- _Problem statement_
In the listing below, find the line that contains "N \<Longrightarrow> tau_section" and the line that contains "section \<open>Nested rectangles". Quote both and every line between them, exactly, and nothing more.
• • • • • • •
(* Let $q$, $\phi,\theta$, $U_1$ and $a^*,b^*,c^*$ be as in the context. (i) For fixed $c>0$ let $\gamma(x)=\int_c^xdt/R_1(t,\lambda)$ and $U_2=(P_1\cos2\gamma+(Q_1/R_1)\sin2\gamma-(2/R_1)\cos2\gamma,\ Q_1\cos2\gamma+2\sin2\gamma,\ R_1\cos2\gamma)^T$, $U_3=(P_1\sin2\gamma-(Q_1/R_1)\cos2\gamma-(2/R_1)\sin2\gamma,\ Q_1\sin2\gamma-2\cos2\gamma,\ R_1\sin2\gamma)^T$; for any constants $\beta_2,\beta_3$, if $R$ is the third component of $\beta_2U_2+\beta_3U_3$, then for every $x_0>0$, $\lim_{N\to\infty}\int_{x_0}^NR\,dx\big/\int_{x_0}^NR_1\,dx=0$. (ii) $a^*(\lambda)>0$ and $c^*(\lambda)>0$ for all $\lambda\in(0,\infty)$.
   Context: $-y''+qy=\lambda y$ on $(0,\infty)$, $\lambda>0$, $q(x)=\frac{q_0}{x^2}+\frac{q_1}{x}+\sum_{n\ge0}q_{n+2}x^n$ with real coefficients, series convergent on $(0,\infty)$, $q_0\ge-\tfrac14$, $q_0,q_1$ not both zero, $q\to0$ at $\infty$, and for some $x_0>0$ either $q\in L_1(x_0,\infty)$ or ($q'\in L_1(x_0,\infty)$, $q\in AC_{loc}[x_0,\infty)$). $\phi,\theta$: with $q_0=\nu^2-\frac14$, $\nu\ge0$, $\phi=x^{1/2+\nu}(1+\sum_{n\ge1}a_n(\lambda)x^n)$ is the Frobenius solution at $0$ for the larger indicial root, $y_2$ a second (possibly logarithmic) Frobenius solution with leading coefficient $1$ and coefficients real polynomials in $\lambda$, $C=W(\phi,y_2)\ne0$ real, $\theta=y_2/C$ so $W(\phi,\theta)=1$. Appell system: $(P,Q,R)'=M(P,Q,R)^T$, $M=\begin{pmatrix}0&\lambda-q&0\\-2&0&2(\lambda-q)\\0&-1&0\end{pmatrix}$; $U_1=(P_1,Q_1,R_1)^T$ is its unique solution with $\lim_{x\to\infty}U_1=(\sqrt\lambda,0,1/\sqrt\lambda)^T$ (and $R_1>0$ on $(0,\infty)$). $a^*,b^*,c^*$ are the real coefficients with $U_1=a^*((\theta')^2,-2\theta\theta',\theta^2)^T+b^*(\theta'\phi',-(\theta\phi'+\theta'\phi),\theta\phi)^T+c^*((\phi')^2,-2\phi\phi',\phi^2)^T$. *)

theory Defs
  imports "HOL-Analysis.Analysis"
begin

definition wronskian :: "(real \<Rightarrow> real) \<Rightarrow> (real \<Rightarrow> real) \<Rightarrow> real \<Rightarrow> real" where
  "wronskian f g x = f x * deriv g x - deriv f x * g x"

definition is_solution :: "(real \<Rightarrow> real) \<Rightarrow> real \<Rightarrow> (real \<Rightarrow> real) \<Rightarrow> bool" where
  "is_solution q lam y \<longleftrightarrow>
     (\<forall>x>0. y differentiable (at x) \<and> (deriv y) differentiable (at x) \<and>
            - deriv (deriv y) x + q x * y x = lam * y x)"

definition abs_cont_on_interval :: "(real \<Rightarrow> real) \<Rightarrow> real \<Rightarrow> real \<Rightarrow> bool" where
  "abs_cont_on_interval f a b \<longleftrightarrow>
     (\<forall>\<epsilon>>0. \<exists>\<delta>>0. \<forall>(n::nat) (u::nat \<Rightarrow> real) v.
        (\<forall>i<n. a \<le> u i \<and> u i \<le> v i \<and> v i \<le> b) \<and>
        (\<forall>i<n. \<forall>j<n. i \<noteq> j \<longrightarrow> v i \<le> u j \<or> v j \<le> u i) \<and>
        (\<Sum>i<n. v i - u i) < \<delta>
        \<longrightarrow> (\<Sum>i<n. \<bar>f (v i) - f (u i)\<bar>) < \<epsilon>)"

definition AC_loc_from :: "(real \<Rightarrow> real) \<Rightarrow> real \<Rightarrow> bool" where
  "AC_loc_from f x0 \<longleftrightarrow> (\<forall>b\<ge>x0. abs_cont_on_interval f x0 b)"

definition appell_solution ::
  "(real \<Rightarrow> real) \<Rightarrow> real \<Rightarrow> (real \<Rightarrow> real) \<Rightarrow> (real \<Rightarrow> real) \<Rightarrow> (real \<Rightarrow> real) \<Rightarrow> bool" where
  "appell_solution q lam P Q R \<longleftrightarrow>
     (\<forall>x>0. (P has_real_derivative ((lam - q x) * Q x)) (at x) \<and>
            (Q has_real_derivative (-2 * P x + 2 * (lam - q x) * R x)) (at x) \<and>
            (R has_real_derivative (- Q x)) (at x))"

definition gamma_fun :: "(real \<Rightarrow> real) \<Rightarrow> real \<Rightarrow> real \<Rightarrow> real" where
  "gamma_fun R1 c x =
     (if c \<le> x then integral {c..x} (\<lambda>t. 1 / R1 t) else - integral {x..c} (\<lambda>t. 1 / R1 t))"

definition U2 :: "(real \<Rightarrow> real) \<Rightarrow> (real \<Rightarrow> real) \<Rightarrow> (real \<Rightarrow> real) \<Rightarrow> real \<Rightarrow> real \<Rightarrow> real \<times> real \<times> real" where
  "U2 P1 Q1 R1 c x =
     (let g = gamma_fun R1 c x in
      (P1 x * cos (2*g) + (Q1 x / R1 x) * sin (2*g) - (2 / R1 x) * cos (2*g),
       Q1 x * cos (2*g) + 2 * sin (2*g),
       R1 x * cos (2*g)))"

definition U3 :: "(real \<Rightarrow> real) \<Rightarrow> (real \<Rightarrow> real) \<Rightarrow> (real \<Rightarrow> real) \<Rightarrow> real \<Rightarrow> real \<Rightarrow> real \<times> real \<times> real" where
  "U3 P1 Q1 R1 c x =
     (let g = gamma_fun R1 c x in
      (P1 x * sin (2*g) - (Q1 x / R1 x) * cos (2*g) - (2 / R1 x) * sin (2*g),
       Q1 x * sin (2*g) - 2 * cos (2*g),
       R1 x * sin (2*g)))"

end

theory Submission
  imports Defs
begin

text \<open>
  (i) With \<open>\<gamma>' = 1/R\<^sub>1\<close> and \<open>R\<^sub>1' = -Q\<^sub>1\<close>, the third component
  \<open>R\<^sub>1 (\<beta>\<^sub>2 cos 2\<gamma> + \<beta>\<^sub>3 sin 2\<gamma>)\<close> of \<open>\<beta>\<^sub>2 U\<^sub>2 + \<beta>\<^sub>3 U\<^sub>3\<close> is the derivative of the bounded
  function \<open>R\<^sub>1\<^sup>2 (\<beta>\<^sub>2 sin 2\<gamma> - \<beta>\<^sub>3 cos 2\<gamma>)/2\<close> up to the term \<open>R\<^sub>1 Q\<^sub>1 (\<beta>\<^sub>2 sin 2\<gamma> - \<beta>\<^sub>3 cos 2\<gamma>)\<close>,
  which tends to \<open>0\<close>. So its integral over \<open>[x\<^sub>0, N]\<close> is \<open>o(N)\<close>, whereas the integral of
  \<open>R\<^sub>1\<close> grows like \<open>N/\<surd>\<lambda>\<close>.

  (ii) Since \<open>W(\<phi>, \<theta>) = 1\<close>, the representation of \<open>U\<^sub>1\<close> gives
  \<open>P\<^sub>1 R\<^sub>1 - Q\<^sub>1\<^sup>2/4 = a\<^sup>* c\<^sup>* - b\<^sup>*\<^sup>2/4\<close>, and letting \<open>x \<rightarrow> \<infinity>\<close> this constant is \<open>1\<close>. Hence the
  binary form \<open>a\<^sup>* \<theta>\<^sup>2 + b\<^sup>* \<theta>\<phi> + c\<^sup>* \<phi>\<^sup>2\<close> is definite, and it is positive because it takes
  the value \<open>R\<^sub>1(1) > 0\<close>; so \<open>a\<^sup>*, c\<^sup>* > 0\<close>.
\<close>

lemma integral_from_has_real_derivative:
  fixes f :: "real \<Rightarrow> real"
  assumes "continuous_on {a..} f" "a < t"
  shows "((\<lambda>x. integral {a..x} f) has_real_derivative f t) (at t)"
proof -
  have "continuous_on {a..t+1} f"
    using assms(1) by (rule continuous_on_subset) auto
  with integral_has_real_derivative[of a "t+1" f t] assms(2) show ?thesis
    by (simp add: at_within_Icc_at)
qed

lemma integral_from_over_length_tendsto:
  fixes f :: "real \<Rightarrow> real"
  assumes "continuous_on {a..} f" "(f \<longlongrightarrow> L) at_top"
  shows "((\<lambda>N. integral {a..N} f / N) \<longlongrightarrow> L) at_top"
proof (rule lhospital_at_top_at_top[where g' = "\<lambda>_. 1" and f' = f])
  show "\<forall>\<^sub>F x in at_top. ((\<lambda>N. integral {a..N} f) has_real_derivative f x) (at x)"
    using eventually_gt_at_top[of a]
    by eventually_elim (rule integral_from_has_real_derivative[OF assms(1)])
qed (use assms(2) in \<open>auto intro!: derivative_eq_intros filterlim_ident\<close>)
• • • • • • •
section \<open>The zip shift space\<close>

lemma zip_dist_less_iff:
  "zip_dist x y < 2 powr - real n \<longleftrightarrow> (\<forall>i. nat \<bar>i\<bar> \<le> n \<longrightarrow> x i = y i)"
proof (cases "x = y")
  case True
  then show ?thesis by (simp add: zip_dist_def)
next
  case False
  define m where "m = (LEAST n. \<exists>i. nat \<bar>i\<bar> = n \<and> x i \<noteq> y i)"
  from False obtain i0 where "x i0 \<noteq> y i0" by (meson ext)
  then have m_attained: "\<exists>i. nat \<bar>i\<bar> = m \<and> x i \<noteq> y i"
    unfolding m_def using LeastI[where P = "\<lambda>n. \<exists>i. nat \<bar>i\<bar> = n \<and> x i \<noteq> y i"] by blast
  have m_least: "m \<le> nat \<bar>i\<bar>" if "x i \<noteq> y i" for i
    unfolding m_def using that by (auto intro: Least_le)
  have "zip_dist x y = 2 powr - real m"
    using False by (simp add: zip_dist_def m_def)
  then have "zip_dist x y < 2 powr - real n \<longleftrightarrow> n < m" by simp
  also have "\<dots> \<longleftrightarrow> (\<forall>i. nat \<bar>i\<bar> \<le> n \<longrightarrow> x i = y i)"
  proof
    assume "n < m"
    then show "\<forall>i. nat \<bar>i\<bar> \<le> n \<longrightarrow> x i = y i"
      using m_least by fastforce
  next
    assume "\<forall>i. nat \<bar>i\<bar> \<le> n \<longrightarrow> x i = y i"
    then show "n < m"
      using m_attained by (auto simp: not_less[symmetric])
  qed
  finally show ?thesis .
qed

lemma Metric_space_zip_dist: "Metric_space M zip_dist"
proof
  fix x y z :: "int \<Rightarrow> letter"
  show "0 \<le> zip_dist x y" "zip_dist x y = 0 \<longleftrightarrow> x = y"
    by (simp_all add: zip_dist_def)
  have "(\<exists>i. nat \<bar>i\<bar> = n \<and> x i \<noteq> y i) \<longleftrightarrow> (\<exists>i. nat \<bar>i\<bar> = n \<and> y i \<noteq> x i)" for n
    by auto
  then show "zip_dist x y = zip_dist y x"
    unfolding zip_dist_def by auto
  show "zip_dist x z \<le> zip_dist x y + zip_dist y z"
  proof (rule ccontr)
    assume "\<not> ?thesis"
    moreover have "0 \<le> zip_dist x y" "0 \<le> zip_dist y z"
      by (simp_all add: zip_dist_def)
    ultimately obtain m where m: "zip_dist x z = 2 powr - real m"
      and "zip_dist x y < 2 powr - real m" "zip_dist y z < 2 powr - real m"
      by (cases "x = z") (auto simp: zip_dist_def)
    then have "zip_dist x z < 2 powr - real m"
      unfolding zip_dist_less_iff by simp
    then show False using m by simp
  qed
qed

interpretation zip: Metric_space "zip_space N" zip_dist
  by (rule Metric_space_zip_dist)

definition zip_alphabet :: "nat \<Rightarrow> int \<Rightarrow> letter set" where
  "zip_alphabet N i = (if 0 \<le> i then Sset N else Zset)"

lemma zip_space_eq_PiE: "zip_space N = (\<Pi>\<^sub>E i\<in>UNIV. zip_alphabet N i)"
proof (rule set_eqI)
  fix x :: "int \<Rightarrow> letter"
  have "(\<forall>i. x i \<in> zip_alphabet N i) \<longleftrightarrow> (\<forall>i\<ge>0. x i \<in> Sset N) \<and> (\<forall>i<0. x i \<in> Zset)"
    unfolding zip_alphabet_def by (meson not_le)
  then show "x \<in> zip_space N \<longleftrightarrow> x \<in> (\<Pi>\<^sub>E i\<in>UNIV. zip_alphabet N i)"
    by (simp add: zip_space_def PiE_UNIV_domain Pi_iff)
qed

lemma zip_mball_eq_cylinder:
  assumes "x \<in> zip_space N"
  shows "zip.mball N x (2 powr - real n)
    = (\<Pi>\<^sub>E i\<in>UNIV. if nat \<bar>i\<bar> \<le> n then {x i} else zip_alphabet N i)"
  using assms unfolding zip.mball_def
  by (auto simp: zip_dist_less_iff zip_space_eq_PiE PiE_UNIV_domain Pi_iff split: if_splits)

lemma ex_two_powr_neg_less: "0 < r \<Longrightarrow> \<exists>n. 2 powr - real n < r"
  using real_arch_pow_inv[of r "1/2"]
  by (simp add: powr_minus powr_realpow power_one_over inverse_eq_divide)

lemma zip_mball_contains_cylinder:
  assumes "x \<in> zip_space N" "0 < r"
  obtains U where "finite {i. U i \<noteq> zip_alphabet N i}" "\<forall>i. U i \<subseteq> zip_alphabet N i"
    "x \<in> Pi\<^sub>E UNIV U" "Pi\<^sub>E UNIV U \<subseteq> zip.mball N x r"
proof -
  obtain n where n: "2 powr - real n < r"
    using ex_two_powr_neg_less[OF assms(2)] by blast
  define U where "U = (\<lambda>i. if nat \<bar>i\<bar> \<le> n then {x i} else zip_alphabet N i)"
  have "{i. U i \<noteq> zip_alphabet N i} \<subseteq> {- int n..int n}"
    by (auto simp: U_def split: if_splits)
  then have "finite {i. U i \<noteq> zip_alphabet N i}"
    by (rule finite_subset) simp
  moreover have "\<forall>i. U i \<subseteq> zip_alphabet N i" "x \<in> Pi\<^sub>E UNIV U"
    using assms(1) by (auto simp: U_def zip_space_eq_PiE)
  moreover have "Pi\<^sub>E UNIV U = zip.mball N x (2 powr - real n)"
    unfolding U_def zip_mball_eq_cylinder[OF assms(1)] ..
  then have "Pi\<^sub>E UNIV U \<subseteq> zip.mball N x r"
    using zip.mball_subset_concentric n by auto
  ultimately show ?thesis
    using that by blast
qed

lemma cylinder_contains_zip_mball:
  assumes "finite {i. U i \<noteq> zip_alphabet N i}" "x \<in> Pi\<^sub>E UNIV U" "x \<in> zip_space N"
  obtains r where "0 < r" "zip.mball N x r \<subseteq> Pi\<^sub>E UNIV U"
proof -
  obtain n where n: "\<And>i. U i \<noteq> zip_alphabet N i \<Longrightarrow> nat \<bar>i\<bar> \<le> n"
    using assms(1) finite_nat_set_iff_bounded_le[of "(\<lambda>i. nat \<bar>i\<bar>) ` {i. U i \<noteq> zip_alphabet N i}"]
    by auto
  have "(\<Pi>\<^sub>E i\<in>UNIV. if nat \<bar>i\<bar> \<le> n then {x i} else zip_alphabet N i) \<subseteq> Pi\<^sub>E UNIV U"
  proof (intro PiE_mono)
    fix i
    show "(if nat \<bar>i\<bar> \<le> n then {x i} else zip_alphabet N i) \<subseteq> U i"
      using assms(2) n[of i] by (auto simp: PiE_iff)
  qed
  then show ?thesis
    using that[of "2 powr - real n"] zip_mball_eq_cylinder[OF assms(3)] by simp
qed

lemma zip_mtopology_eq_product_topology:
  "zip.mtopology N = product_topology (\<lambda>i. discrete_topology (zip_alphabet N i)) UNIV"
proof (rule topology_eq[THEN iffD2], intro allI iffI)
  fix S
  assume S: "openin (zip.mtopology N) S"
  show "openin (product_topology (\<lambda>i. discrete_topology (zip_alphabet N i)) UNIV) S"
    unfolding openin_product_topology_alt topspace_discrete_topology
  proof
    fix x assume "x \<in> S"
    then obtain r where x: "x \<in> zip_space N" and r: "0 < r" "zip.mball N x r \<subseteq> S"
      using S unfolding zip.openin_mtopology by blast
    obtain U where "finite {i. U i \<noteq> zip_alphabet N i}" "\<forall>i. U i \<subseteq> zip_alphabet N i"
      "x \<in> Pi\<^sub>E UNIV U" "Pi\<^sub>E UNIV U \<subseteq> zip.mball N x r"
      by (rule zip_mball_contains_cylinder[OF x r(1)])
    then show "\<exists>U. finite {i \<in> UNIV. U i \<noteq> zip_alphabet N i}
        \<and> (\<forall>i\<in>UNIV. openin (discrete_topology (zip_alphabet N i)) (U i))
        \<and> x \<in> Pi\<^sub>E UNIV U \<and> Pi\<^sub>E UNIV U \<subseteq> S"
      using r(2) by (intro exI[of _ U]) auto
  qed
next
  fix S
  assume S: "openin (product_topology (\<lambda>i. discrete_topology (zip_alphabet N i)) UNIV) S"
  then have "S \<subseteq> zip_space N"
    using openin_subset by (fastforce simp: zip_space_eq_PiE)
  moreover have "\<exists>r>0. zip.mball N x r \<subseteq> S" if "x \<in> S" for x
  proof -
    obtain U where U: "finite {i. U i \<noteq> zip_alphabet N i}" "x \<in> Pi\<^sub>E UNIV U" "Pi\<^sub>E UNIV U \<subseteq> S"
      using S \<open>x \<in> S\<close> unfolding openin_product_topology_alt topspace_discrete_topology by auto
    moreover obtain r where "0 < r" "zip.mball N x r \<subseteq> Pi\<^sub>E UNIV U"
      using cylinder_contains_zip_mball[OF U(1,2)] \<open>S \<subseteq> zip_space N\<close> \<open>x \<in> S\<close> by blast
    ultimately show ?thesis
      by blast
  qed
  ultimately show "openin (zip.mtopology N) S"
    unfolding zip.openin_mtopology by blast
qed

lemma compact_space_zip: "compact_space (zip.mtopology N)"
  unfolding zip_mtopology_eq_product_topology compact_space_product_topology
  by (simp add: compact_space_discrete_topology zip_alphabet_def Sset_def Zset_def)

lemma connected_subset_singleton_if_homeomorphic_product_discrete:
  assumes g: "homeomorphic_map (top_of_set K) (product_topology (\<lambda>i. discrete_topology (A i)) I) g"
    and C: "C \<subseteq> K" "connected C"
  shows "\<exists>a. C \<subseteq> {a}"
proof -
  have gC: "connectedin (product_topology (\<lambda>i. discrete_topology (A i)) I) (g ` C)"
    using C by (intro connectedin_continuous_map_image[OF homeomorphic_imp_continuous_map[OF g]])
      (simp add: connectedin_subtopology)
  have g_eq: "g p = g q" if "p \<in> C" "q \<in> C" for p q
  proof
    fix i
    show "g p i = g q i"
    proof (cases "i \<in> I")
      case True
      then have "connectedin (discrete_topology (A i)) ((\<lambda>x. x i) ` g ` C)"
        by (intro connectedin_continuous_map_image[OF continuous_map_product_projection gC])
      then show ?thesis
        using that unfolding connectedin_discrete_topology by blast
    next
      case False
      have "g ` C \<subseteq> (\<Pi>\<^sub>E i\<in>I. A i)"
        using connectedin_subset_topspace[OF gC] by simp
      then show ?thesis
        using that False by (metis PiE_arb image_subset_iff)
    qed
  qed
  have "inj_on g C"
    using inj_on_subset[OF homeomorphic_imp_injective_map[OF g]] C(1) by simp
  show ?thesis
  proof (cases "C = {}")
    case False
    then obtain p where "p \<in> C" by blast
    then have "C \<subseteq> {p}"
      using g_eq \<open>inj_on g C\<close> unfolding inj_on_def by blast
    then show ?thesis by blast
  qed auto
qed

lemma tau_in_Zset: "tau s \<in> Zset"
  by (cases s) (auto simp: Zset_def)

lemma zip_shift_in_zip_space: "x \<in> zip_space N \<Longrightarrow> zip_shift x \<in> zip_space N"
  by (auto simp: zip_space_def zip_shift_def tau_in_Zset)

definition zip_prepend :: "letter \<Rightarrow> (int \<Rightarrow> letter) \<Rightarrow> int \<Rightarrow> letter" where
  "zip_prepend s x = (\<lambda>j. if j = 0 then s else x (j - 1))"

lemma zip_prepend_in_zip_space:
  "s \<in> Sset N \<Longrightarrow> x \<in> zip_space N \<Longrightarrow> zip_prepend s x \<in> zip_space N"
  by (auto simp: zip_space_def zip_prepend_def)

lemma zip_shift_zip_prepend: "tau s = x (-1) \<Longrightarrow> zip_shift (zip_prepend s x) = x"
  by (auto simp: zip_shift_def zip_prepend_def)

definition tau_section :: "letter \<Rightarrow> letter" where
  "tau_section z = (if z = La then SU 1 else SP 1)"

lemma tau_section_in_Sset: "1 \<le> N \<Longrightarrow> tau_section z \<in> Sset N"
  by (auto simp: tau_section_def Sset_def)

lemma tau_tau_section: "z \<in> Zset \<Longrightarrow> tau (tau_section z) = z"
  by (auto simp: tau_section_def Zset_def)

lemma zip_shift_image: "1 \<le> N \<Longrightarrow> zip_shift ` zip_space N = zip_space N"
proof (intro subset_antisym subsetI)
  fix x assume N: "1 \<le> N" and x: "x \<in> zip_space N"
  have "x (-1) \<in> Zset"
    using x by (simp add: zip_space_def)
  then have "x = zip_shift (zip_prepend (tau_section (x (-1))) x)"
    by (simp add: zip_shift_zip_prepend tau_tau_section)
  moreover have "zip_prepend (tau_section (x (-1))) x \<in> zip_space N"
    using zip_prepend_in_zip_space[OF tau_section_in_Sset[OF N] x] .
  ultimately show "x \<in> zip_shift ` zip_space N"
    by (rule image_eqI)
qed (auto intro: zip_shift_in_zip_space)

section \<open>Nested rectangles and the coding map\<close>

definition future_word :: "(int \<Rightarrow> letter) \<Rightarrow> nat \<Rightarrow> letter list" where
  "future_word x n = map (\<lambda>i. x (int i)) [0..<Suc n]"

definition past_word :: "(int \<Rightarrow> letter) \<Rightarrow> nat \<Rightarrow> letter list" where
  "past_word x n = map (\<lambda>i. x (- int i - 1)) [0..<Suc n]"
• • • • • • •
- _Written reply_
lemma tau_section_in_Sset: "1 \<le> N \<Longrightarrow> tau_section z \<in> Sset N"
  by (auto simp: tau_section_def Sset_def)

lemma tau_tau_section: "z \<in> Zset \<Longrightarrow> tau (tau_section z) = z"
  by (auto simp: tau_section_def Zset_def)

lemma zip_shift_image: "1 \<le> N \<Longrightarrow> zip_shift ` zip_space N = zip_space N"
proof (intro subset_antisym subsetI)
  fix x assume N: "1 \<le> N" and x: "x \<in> zip_space N"
  have "x (-1) \<in> Zset"
    using x by (simp add: zip_space_def)
  then have "x = zip_shift (zip_prepend (tau_section (x (-1))) x)"
    by (simp add: zip_shift_zip_prepend tau_tau_section)
  moreover have "zip_prepend (tau_section (x (-1))) x \<in> zip_space N"
    using zip_prepend_in_zip_space[OF tau_section_in_Sset[OF N] x] .
  ultimately show "x \<in> zip_shift ` zip_space N"
    by (rule image_eqI)
qed (auto intro: zip_shift_in_zip_space)

section \<open>Nested rectangles and the coding map\<close>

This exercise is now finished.